**INSTRUCTIONS FOR THE TASK:**
Go to the line in the entries below that holds "a j \<le> a" and repeat exactly from there through the line that holds "then obtain m", inclusive.

**RECORDS TO USE:**
━━━━━━━━━━━━━━━━━━━━

lemma touching_if_wedge_nonempty:
  assumes "alphabet A" "wedge A v1 v2 \<noteq> {}"
  shows "\<exists>z\<in>cyl A v1. \<exists>z'\<in>cyl A v2. touching A z z'"
proof -
  obtain w where "w \<in> wedge A v1 v2"
    using assms(2) by blast
  then consider
      "w \<in> cyl A v1" "\<forall>n > max (length v1) (length v2). \<exists>u. set u \<subseteq> A \<and> length u = n
          \<and> take (length v2) u = v2 \<and> {pref w n, u} \<in> E A n"
    | "w \<in> cyl A v2" "\<forall>n > max (length v2) (length v1). \<exists>u. set u \<subseteq> A \<and> length u = n
          \<and> take (length v1) u = v1 \<and> {pref w n, u} \<in> E A n"
    unfolding wedge_def by (auto simp: max.commute)
  then show ?thesis
  proof cases
    case 1
    then show ?thesis
      using touching_if_edges[OF assms(1) _ _ 1(2)] by (auto simp: cyl_iff)
  next
    case 2
    then obtain z where "z \<in> cyl A v1" "touching A w z"
      using touching_if_edges[OF assms(1) _ _ 2(2)] by (auto simp: cyl_iff)
    then show ?thesis using 2 touching_sym by blast
  qed
qed

section \<open>The pseudometric rho\<close>

definition chain_cost :: "(nat \<Rightarrow> real) \<Rightarrow> nat list list \<Rightarrow> real" where
  "chain_cost a vs = sum_list (map (Delta a) vs)"

lemma rho_eq_Inf: "rho A a w u = Inf {chain_cost a vs | vs. chain A w u vs}"
  by (simp add: rho_def chain_cost_def)

lemma chain_cost_nonneg:
  assumes "alphabet A" "weight a" "chain A w u vs"
  shows "0 \<le> chain_cost a vs"
  using assms Delta_bounds unfolding chain_cost_def chain_def by (auto intro!: sum_list_nonneg)

lemma chain_single: "w \<in> cyl A v \<Longrightarrow> u \<in> cyl A v \<Longrightarrow> chain A w u [v]"
  by (simp add: chain_def cyl_imp_subset)

lemma chain_pair:
  "w \<in> cyl A v \<Longrightarrow> u \<in> cyl A v' \<Longrightarrow> wedge A v v' \<noteq> {} \<Longrightarrow> chain A w u [v, v']"
  by (auto simp: chain_def cyl_imp_subset less_Suc_eq)

lemma rho_le_chain_cost:
  assumes "alphabet A" "weight a" "chain A w u vs"
  shows "rho A a w u \<le> chain_cost a vs"
  unfolding rho_eq_Inf
proof (rule cInf_lower)
  show "chain_cost a vs \<in> {chain_cost a vs | vs. chain A w u vs}"
    using assms(3) by blast
  show "bdd_below {chain_cost a vs | vs. chain A w u vs}"
    using chain_cost_nonneg[OF assms(1,2)] by (auto intro: bdd_belowI[of _ 0])
qed

lemma le_rho:
  assumes "w \<in> infwords A" "u \<in> infwords A" "\<And>vs. chain A w u vs \<Longrightarrow> x \<le> chain_cost a vs"
  shows "x \<le> rho A a w u"
proof -
  have "chain A w u [[]]"
    using assms(1,2) by (intro chain_single) (simp_all add: cyl_iff pref_def)
  then show ?thesis
    unfolding rho_eq_Inf by (intro cInf_greatest) (use assms(3) in blast)+
qed

lemma rho_nonneg:
  assumes "alphabet A" "weight a" "w \<in> infwords A" "u \<in> infwords A"
  shows "0 \<le> rho A a w u"
  using assms chain_cost_nonneg by (intro le_rho) auto

lemma rho_refl:
  assumes A: "alphabet A" and a: "weight a" and w: "w \<in> infwords A"
  shows "rho A a w w = 0"
proof -
  have "rho A a w w \<le> 0 + e" if "e > 0" for e
  proof -
    obtain n where n: "(1/2::real) ^ n < e"
      using real_arch_pow_inv[OF \<open>e > 0\<close>, of "1/2"] by auto
    have "w \<in> cyl A (pref w n)"
      using w by (simp add: cyl_iff)
    then have "rho A a w w \<le> chain_cost a [pref w n]"
      by (intro rho_le_chain_cost[OF A a] chain_single)
    also have "\<dots> \<le> (1/2) ^ n"
      using Delta_bounds[OF A a set_pref_subset[OF w]] by (simp add: chain_cost_def)
    finally show ?thesis using n by simp
  qed
  then have "rho A a w w \<le> 0"
    by (rule field_le_epsilon)
  then show ?thesis using rho_nonneg[OF A a w w] by simp
qed

lemma chain_rev:
  assumes "chain A w u vs"
  shows "chain A u w (rev vs)"
proof -
  have "wedge A (rev vs ! i) (rev vs ! Suc i) \<noteq> {}" if i: "Suc i < length vs" for i
  proof -
    define j where "j = length vs - 2 - i"
    have "rev vs ! i = vs ! Suc j" "rev vs ! Suc i = vs ! j"
      using i by (auto simp: rev_nth j_def Suc_diff_Suc numeral_2_eq_2)
    moreover have "wedge A (vs ! j) (vs ! Suc j) \<noteq> {}"
      using assms i unfolding chain_def j_def by auto
    ultimately show ?thesis using wedge_sym by metis
  qed
  then show ?thesis using assms by (auto simp: chain_def hd_rev last_rev)
qed

lemma rho_sym:
  assumes "alphabet A" "weight a" "w \<in> infwords A" "u \<in> infwords A"
  shows "rho A a u w = rho A a w u"
proof -
  have "rho A a u w \<le> rho A a w u" if "w \<in> infwords A" "u \<in> infwords A" for w u
  proof (rule le_rho[OF that])
    fix vs
    assume "chain A w u vs"
    then have "rho A a u w \<le> chain_cost a (rev vs)"
      using rho_le_chain_cost chain_rev assms(1,2) by blast
    then show "rho A a u w \<le> chain_cost a vs"
      by (simp add: chain_cost_def rev_map[symmetric] sum_list_rev)
  qed
  then show ?thesis using assms(3,4) by (meson antisym)
qed

lemma chain_append:
  assumes A: "alphabet A" and vs: "chain A w u vs" and vs': "chain A u x vs'"
  shows "chain A w x (vs @ vs')"
proof -
  have ne: "vs \<noteq> []" "vs' \<noteq> []"
    using vs vs' by (auto simp: chain_def)
  have "wedge A ((vs @ vs') ! i) ((vs @ vs') ! Suc i) \<noteq> {}"
    if i: "Suc i < length (vs @ vs')" for i
  proof -
    consider "Suc i < length vs" | "Suc i = length vs" | "Suc i > length vs"
      by linarith
    then show ?thesis
    proof cases
      case 1
      then show ?thesis using vs by (simp add: chain_def nth_append)
    next
      case 2
      then have "(vs @ vs') ! i = last vs" "(vs @ vs') ! Suc i = hd vs'"
        using ne by (simp_all add: nth_append last_conv_nth hd_conv_nth flip: 2)
      moreover have "u \<in> cyl A (last vs)" "u \<in> cyl A (hd vs')"
        using vs vs' by (auto simp: chain_def)
      ultimately show ?thesis using wedge_nonempty_if_cyl_Int[OF A] by metis
    next
      case 3
      define j where "j = i - length vs"
      have "(vs @ vs') ! i = vs' ! j" "(vs @ vs') ! Suc i = vs' ! Suc j" "Suc j < length vs'"
        using 3 i by (auto simp: nth_append j_def Suc_diff_le)
      then show ?thesis using vs' by (simp add: chain_def)
    qed
  qed
  then show ?thesis using vs vs' ne by (auto simp: chain_def)
qed

lemma rho_triangle:
  assumes A: "alphabet A" and a: "weight a"
    and w: "w \<in> infwords A" and u: "u \<in> infwords A" and x: "x \<in> infwords A"
  shows "rho A a w x \<le> rho A a w u + rho A a u x"
proof -
  have "rho A a w x - chain_cost a vs' \<le> rho A a w u" if vs': "chain A u x vs'" for vs'
  proof (rule le_rho[OF w u])
    fix vs
    assume "chain A w u vs"
    then have "rho A a w x \<le> chain_cost a (vs @ vs')"
      using rho_le_chain_cost[OF A a chain_append[OF A _ vs']] by blast
    then show "rho A a w x - chain_cost a vs' \<le> chain_cost a vs"
      by (simp add: chain_cost_def)
  qed
  note bound = this
  have "rho A a w x - rho A a w u \<le> rho A a u x"
  proof (rule le_rho[OF u x])
    fix vs'
    assume "chain A u x vs'"
    from bound[OF this] show "rho A a w x - rho A a w u \<le> chain_cost a vs'"
      by simp
  qed
  then show ?thesis by simp
qed

lemma rho_cong:
  assumes A: "alphabet A" and a: "weight a"
    and ws: "w \<in> infwords A" "w' \<in> infwords A" "u \<in> infwords A" "u' \<in> infwords A"
    and zero: "rho A a w w' = 0" "rho A a u u' = 0"
  shows "rho A a w' u' = rho A a w u"
proof -
  have zero': "rho A a w' w = 0" "rho A a u' u = 0"
    using zero rho_sym[OF A a] ws by metis+
  have "rho A a w' u' \<le> rho A a w' w + rho A a w u'" "rho A a w u' \<le> rho A a w u + rho A a u u'"
    "rho A a w u \<le> rho A a w w' + rho A a w' u" "rho A a w' u \<le> rho A a w' u' + rho A a u' u"
    using rho_triangle[OF A a] ws by blast+
  then show ?thesis using zero zero' by linarith
qed

lemma rho_ext_word_le:
  assumes A: "alphabet A" and a: "weight a" and r: "set r \<subseteq> A" and j: "j \<in> A" "j \<noteq> 1"
    and z: "z \<in> cyl A (r @ [j])"
  shows "rho A a (ext_word r 1 2) z \<le> (1/2) ^ m + a j"
proof -
  define v where "v = pref (ext_word r 1 2) (length r + 1 + m)"
  have v: "ext_word r 1 2 \<in> cyl A v"
    using r alphabet_1_2[OF A] by (simp add: cyl_iff v_def ext_word_in_infwords)
  have "ext_word r j 1 \<in> cyl A (r @ [j])"
    using pref_ext_word[of r j 1 0] r j alphabet_1_2[OF A] by (simp add: cyl_iff ext_word_in_infwords)
  moreover have "touching A (ext_word r 1 2) (ext_word r j 1)"
    using r j unfolding touching_def by blast
  ultimately have "chain A (ext_word r 1 2) z [v, r @ [j]]"
    using v z by (intro chain_pair wedge_nonempty_if_touching[OF A])
  then have "rho A a (ext_word r 1 2) z \<le> chain_cost a [v, r @ [j]]"
    by (rule rho_le_chain_cost[OF A a])
  also have "\<dots> = Delta a v + Delta a r * a j"
    by (simp add: chain_cost_def Delta_def)
  also have "Delta a v \<le> (1/2) ^ m"
  proof -
    have "Delta a v \<le> (1/2) ^ (length r + 1 + m)"
      using Delta_bounds[OF A a cyl_imp_subset[OF v]] by (simp add: v_def)
    also have "\<dots> \<le> (1/2) ^ m"
      by (rule power_decreasing) auto
    finally show ?thesis .
  qed
  also have "Delta a r * a j \<le> a j"
  proof -
    have "Delta a r \<le> (1/2) ^ length r"
      using Delta_bounds[OF A a r] by simp
    also have "\<dots> \<le> 1"
      by (simp add: power_le_one)
    finally have "Delta a r \<le> 1" .
    moreover have "0 < a j"
      using weight_pos[OF a alphabet_ge_1[OF A j(1)]] .
    ultimately show ?thesis by (simp add: mult_le_cancel_right1)
  qed
  finally show ?thesis by simp
qed

lemma rho_ext_word_le_weight:
  assumes "alphabet A" "weight a" "set r \<subseteq> A" "j \<in> A" "j \<noteq> 1" "z \<in> cyl A (r @ [j])"
  shows "rho A a (ext_word r 1 2) z \<le> a j"
proof (rule field_le_epsilon)
  fix e :: real
  assume "e > 0"
  then obtain m where "(1/2::real) ^ m < e"
    using real_arch_pow_inv[of e "1/2"] by auto
  then show "rho A a (ext_word r 1 2) z \<le> a j + e"
    using rho_ext_word_le[OF assms, of m] by simp
qed

section \<open>Changing the alphabet\<close>

lemma E_mono: "A \<subseteq> A' \<Longrightarrow> E A n \<subseteq> E A' n"
  by (induction A n rule: E.induct) (auto 0 3)

lemma infwords_mono: "A \<subseteq> A' \<Longrightarrow> infwords A \<subseteq> infwords A'"
  by (auto simp: infwords_def)

lemma cyl_mono: "A \<subseteq> A' \<Longrightarrow> cyl A v \<subseteq> cyl A' v"
  using infwords_mono by (auto simp: cyl_def)

lemma wedge_mono: "A \<subseteq> A' \<Longrightarrow> wedge A v1 v2 \<subseteq> wedge A' v1 v2"
  unfolding wedge_def using cyl_mono[of A A'] E_mono[of A A'] by blast

lemma chain_mono: "A \<subseteq> A' \<Longrightarrow> chain A w u vs \<Longrightarrow> chain A' w u vs"
  unfolding chain_def using cyl_mono[of A A'] wedge_mono[of A A'] by blast

lemma first_outside:
  fixes z :: "nat \<Rightarrow> 'a"
  assumes "z k \<notin> A"
  obtains j where "j \<le> k" "\<forall>i<j. z i \<in> A" "z j \<notin> A"
proof
  show "(LEAST j. z j \<notin> A) \<le> k"
    using Least_le[of "\<lambda>j. z j \<notin> A", OF assms] .
  show "z (LEAST j. z j \<notin> A) \<notin> A"
    using assms by (rule LeastI)
  show "\<forall>i<(LEAST j. z j \<notin> A). z i \<in> A"
    using not_less_Least by blast
qed

definition retract :: "nat set \<Rightarrow> (nat \<Rightarrow> nat) \<Rightarrow> nat \<Rightarrow> nat" where
  "retract A z = (if z \<in> infwords A then z else ext_word (pref z (LEAST k. z k \<notin> A)) 1 2)"

lemma retract_eq_self: "z \<in> infwords A \<Longrightarrow> retract A z = z"
  by (simp add: retract_def)

lemma retract_eq_ext_word:
  assumes "\<forall>i<k. z i \<in> A" "z k \<notin> A"
  shows "retract A z = ext_word (pref z k) 1 2"
proof -
  have "(LEAST k. z k \<notin> A) = k"
    using assms by (intro Least_equality) (auto simp: not_le[symmetric])
  then show ?thesis using assms(2) by (auto simp: retract_def infwords_def)
qed

lemma retract_in_infwords: "alphabet A \<Longrightarrow> retract A z \<in> infwords A"
proof (cases "z \<in> infwords A")
  case False
  then obtain k where "z k \<notin> A"
    by (auto simp: infwords_def)
  then obtain j where "\<forall>i<j. z i \<in> A" "z j \<notin> A"
    by (rule first_outside)
  moreover assume "alphabet A"
  ultimately show ?thesis
    using alphabet_1_2 by (auto simp: retract_eq_ext_word pref_def intro!: ext_word_in_infwords)
qed (simp add: retract_eq_self)

lemma pref_retract:
  assumes "set (pref z n) \<subseteq> A"
  shows "pref (retract A z) n = pref z n"
proof (cases "z \<in> infwords A")
  case False
  then obtain k where "z k \<notin> A"
    by (auto simp: infwords_def)
  then obtain j where j: "\<forall>i<j. z i \<in> A" "z j \<notin> A"
    by (rule first_outside)
  moreover have "\<forall>i<n. z i \<in> A"
    using assms by (auto simp: pref_def)
  then have "n \<le> j"
    using j(2) not_le by blast
  ultimately show ?thesis
    by (simp add: retract_eq_ext_word pref_ext_word_short take_pref)
qed (simp add: retract_eq_self)

lemma retract_eq_if_pref_eq:
  assumes "pref z n = pref z' n" "\<not> set (pref z n) \<subseteq> A"
  shows "retract A z = retract A z'"
proof -
  have "\<exists>p<n. z p \<notin> A"
    using assms(2) by (auto simp: pref_def)
  then obtain p where "p < n" "z p \<notin> A"
    by blast
  obtain j where j: "j \<le> p" "\<forall>i<j. z i \<in> A" "z j \<notin> A"
    using \<open>z p \<notin> A\<close> by (rule first_outside)
  with \<open>p < n\<close> have "\<forall>i<j. z' i \<in> A" "z' j \<notin> A" "pref z j = pref z' j"
    using assms(1) by (auto simp: pref_eq_iff)
  then show ?thesis
    using j by (simp add: retract_eq_ext_word)
qed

━━━━━━━━━━━━━━━━━━━━

**RESPONSE TO THE EXERCISE:**
  also have "Delta a r * a j \<le> a j"
  proof -
    have "Delta a r \<le> (1/2) ^ length r"
      using Delta_bounds[OF A a r] by simp
    also have "\<dots> \<le> 1"
      by (simp add: power_le_one)
    finally have "Delta a r \<le> 1" .
    moreover have "0 < a j"
      using weight_pos[OF a alphabet_ge_1[OF A j(1)]] .
    ultimately show ?thesis by (simp add: mult_le_cancel_right1)
  qed
  finally show ?thesis by simp
qed

lemma rho_ext_word_le_weight:
  assumes "alphabet A" "weight a" "set r \<subseteq> A" "j \<in> A" "j \<noteq> 1" "z \<in> cyl A (r @ [j])"
  shows "rho A a (ext_word r 1 2) z \<le> a j"
proof (rule field_le_epsilon)
  fix e :: real
  assume "e > 0"
  then obtain m where "(1/2::real) ^ m < e"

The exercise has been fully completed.